Task prompt
Copy every line below that has the word "using" in it.

[Saved data entries]
lemma convex_hull_insertE:
  assumes "p \<in> convex hull (insert a S)" "S \<noteq> {}"
  obtains u q where "0 \<le> u" "u \<le> 1" "q \<in> convex hull S" "p = u *\<^sub>R a + (1 - u) *\<^sub>R q"
proof -
  have "\<exists>u\<ge>0. \<exists>v\<ge>0. \<exists>q. u + v = 1 \<and> q \<in> convex hull S \<and> p = u *\<^sub>R a + v *\<^sub>R q"
    using assms(1) by (simp only: convex_hull_insert[OF assms(2)] mem_Collect_eq)
  then obtain u v q where uvq: "0 \<le> u" "0 \<le> v" "u + v = 1" "q \<in> convex hull S"
    "p = u *\<^sub>R a + v *\<^sub>R q"
    by blast
  show thesis
  proof (rule that[of u q])
    show "0 \<le> u" "q \<in> convex hull S" by (fact uvq(1,4))+
    show "u \<le> 1" using uvq(2,3) by linarith
    have "v = 1 - u" using uvq(3) by linarith
    then show "p = u *\<^sub>R a + (1 - u) *\<^sub>R q" using uvq(5) by simp
  qed
qed

(* The ray from the relative interior point a through q leaves S at q, so no other point of the
   relative boundary lies on it. *)
lemma convex_hull_insert_cancel:
  fixes S :: "'a::euclidean_space set"
  assumes S: "convex S" "a \<in> rel_interior S" "q \<in> S - rel_interior S"
    and T: "convex T" "T \<subseteq> S - rel_interior S"
    and u: "0 < u" "u < 1" "u *\<^sub>R a + (1 - u) *\<^sub>R q \<in> convex hull (insert a T)"
  shows "q \<in> T"
proof -
  have "q \<noteq> a" using S by blast
  show ?thesis
  proof (cases "T = {}")
    case True
    then have "(1 - u) *\<^sub>R (q - a) = 0" using u(3) by (simp add: algebra_simps)
    then show ?thesis using \<open>q \<noteq> a\<close> u(2) by simp
  next
    case False
    obtain s q' where s: "0 \<le> s" "s \<le> 1" "q' \<in> convex hull T"
      and eq_s: "u *\<^sub>R a + (1 - u) *\<^sub>R q = s *\<^sub>R a + (1 - s) *\<^sub>R q'"
      using u(3) False by (rule convex_hull_insertE)
    have "q' \<in> T" using s(3) convex_hull_eq[THEN iffD2, OF T(1)] by simp
    have "(1 - u) *\<^sub>R (q - a) = (u *\<^sub>R a + (1 - u) *\<^sub>R q) - a"
      by (simp add: algebra_simps)
    also have "\<dots> = (1 - s) *\<^sub>R (q' - a)"
      unfolding eq_s by (simp add: algebra_simps)
    finally have eq: "(1 - u) *\<^sub>R (q - a) = (1 - s) *\<^sub>R (q' - a)" .
    with \<open>q \<noteq> a\<close> u(2) have "s \<noteq> 1" by auto
    then have "q = q'"
      using rel_boundary_ray_unique[OF S T(2)[THEN subsetD, OF \<open>q' \<in> T\<close>] _ _ eq] u(2) s(2)
      by simp
    then show ?thesis using \<open>q' \<in> T\<close> by simp
  qed
qed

Response to the task
    using assms(1) by (simp only: convex_hull_insert[OF assms(2)] mem_Collect_eq)
    show "u \<le> 1" using uvq(2,3) by linarith
    have "v = 1 - u" using uvq(3) by linarith
    then show "p = u *\<^sub>R a + (1 - u) *\<^sub>R q" using uvq(5) by simp
  have "q \<noteq> a" using S by blast
    then have "(1 - u) *\<^sub>R (q - a) = 0" using u(3) by (simp add: algebra_simps)
    then show ?thesis using \<open>q \<noteq> a\<close> u(2) by simp
      using u(3) False by (rule convex_hull_insertE)
    have "q' \<in> T" using s(3) convex_hull_eq[THEN iffD2, OF T(1)] by simp
      using rel_boundary_ray_unique[OF S T(2)[THEN subsetD, OF \<open>q' \<in> T\<close>] _ _ eq] u(2) s(2)
    then show ?thesis using \<open>q' \<in> T\<close> by simp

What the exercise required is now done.